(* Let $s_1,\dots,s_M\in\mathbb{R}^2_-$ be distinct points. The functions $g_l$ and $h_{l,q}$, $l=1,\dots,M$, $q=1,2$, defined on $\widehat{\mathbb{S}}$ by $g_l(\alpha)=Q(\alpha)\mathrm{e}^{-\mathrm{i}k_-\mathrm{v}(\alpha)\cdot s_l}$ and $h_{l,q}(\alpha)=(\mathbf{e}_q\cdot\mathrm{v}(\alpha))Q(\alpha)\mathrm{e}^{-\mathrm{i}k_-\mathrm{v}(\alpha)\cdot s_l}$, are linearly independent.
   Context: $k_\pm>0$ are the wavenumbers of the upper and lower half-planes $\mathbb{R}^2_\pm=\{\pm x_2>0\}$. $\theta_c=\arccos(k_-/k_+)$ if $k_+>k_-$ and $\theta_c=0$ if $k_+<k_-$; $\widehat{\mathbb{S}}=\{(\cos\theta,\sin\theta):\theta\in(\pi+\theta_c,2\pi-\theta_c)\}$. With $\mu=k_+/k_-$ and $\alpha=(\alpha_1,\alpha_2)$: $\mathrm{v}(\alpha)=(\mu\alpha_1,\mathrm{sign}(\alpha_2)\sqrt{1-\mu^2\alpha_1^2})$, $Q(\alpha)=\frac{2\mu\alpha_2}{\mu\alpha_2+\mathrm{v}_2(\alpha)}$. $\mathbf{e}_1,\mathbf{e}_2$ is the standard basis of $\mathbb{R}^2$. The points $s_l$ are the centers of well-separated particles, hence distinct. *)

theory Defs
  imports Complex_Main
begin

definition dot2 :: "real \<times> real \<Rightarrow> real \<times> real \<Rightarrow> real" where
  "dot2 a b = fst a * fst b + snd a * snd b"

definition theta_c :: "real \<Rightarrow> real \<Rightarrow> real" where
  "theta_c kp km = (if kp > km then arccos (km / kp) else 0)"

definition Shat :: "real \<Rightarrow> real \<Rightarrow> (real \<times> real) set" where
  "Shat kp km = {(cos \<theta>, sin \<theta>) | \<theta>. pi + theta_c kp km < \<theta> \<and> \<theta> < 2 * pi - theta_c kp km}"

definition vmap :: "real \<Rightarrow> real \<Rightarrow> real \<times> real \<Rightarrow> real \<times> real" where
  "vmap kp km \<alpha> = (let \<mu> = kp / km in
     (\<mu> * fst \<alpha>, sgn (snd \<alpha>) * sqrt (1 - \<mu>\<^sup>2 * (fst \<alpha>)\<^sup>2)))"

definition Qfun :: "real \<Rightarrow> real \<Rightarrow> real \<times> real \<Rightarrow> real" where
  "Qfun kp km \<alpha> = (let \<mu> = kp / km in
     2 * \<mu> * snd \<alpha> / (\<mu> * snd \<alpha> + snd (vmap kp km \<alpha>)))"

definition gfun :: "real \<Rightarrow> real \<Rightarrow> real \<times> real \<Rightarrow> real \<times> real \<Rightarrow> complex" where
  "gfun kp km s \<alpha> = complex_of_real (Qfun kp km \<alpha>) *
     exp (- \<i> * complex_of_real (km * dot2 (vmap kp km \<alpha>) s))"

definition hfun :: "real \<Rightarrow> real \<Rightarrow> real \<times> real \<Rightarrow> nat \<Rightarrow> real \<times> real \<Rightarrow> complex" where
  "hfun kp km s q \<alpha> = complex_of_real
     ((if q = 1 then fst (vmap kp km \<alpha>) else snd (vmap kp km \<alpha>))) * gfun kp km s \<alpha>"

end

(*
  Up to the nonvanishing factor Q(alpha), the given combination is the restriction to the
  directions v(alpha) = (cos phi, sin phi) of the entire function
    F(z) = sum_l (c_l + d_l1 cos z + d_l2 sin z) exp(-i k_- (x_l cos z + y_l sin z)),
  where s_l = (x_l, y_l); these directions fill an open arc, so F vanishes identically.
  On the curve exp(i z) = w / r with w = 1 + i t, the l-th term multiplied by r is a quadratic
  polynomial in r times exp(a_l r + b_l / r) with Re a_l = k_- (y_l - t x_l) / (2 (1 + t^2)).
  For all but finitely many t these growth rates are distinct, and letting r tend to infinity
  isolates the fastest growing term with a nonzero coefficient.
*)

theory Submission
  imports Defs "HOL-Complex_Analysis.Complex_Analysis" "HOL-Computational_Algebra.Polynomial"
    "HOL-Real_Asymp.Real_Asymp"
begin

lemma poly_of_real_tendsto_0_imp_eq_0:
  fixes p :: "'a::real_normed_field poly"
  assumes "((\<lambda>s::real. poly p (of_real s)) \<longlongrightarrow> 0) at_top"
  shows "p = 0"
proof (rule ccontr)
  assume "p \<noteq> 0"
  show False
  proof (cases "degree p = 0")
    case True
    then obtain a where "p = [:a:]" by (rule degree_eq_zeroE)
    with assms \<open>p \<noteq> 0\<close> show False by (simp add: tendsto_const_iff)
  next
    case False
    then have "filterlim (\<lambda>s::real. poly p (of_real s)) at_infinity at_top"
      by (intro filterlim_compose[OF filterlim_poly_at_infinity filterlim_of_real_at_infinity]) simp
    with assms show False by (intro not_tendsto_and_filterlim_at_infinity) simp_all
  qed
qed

Work to be completed:
Would you write out the whole listing word for word?

Result:
(* Let $s_1,\dots,s_M\in\mathbb{R}^2_-$ be distinct points. The functions $g_l$ and $h_{l,q}$, $l=1,\dots,M$, $q=1,2$, defined on $\widehat{\mathbb{S}}$ by $g_l(\alpha)=Q(\alpha)\mathrm{e}^{-\mathrm{i}k_-\mathrm{v}(\alpha)\cdot s_l}$ and $h_{l,q}(\alpha)=(\mathbf{e}_q\cdot\mathrm{v}(\alpha))Q(\alpha)\mathrm{e}^{-\mathrm{i}k_-\mathrm{v}(\alpha)\cdot s_l}$, are linearly independent.
   Context: $k_\pm>0$ are the wavenumbers of the upper and lower half-planes $\mathbb{R}^2_\pm=\{\pm x_2>0\}$. $\theta_c=\arccos(k_-/k_+)$ if $k_+>k_-$ and $\theta_c=0$ if $k_+<k_-$; $\widehat{\mathbb{S}}=\{(\cos\theta,\sin\theta):\theta\in(\pi+\theta_c,2\pi-\theta_c)\}$. With $\mu=k_+/k_-$ and $\alpha=(\alpha_1,\alpha_2)$: $\mathrm{v}(\alpha)=(\mu\alpha_1,\mathrm{sign}(\alpha_2)\sqrt{1-\mu^2\alpha_1^2})$, $Q(\alpha)=\frac{2\mu\alpha_2}{\mu\alpha_2+\mathrm{v}_2(\alpha)}$. $\mathbf{e}_1,\mathbf{e}_2$ is the standard basis of $\mathbb{R}^2$. The points $s_l$ are the centers of well-separated particles, hence distinct. *)

theory Defs
  imports Complex_Main
begin

definition dot2 :: "real \<times> real \<Rightarrow> real \<times> real \<Rightarrow> real" where
  "dot2 a b = fst a * fst b + snd a * snd b"

definition theta_c :: "real \<Rightarrow> real \<Rightarrow> real" where
  "theta_c kp km = (if kp > km then arccos (km / kp) else 0)"

definition Shat :: "real \<Rightarrow> real \<Rightarrow> (real \<times> real) set" where
  "Shat kp km = {(cos \<theta>, sin \<theta>) | \<theta>. pi + theta_c kp km < \<theta> \<and> \<theta> < 2 * pi - theta_c kp km}"

definition vmap :: "real \<Rightarrow> real \<Rightarrow> real \<times> real \<Rightarrow> real \<times> real" where
  "vmap kp km \<alpha> = (let \<mu> = kp / km in
     (\<mu> * fst \<alpha>, sgn (snd \<alpha>) * sqrt (1 - \<mu>\<^sup>2 * (fst \<alpha>)\<^sup>2)))"

definition Qfun :: "real \<Rightarrow> real \<Rightarrow> real \<times> real \<Rightarrow> real" where
  "Qfun kp km \<alpha> = (let \<mu> = kp / km in
     2 * \<mu> * snd \<alpha> / (\<mu> * snd \<alpha> + snd (vmap kp km \<alpha>)))"

definition gfun :: "real \<Rightarrow> real \<Rightarrow> real \<times> real \<Rightarrow> real \<times> real \<Rightarrow> complex" where
  "gfun kp km s \<alpha> = complex_of_real (Qfun kp km \<alpha>) *
     exp (- \<i> * complex_of_real (km * dot2 (vmap kp km \<alpha>) s))"

definition hfun :: "real \<Rightarrow> real \<Rightarrow> real \<times> real \<Rightarrow> nat \<Rightarrow> real \<times> real \<Rightarrow> complex" where
  "hfun kp km s q \<alpha> = complex_of_real
     ((if q = 1 then fst (vmap kp km \<alpha>) else snd (vmap kp km \<alpha>))) * gfun kp km s \<alpha>"

end

(*
  Up to the nonvanishing factor Q(alpha), the given combination is the restriction to the
  directions v(alpha) = (cos phi, sin phi) of the entire function
    F(z) = sum_l (c_l + d_l1 cos z + d_l2 sin z) exp(-i k_- (x_l cos z + y_l sin z)),
  where s_l = (x_l, y_l); these directions fill an open arc, so F vanishes identically.
  On the curve exp(i z) = w / r with w = 1 + i t, the l-th term multiplied by r is a quadratic
  polynomial in r times exp(a_l r + b_l / r) with Re a_l = k_- (y_l - t x_l) / (2 (1 + t^2)).
  For all but finitely many t these growth rates are distinct, and letting r tend to infinity
  isolates the fastest growing term with a nonzero coefficient.
*)

theory Submission
  imports Defs "HOL-Complex_Analysis.Complex_Analysis" "HOL-Computational_Algebra.Polynomial"
    "HOL-Real_Asymp.Real_Asymp"
begin

lemma poly_of_real_tendsto_0_imp_eq_0:
  fixes p :: "'a::real_normed_field poly"
  assumes "((\<lambda>s::real. poly p (of_real s)) \<longlongrightarrow> 0) at_top"
  shows "p = 0"
proof (rule ccontr)
  assume "p \<noteq> 0"
  show False
  proof (cases "degree p = 0")
    case True
    then obtain a where "p = [:a:]" by (rule degree_eq_zeroE)
    with assms \<open>p \<noteq> 0\<close> show False by (simp add: tendsto_const_iff)
  next
    case False
    then have "filterlim (\<lambda>s::real. poly p (of_real s)) at_infinity at_top"
      by (intro filterlim_compose[OF filterlim_poly_at_infinity filterlim_of_real_at_infinity]) simp
    with assms show False by (intro not_tendsto_and_filterlim_at_infinity) simp_all
  qed
qed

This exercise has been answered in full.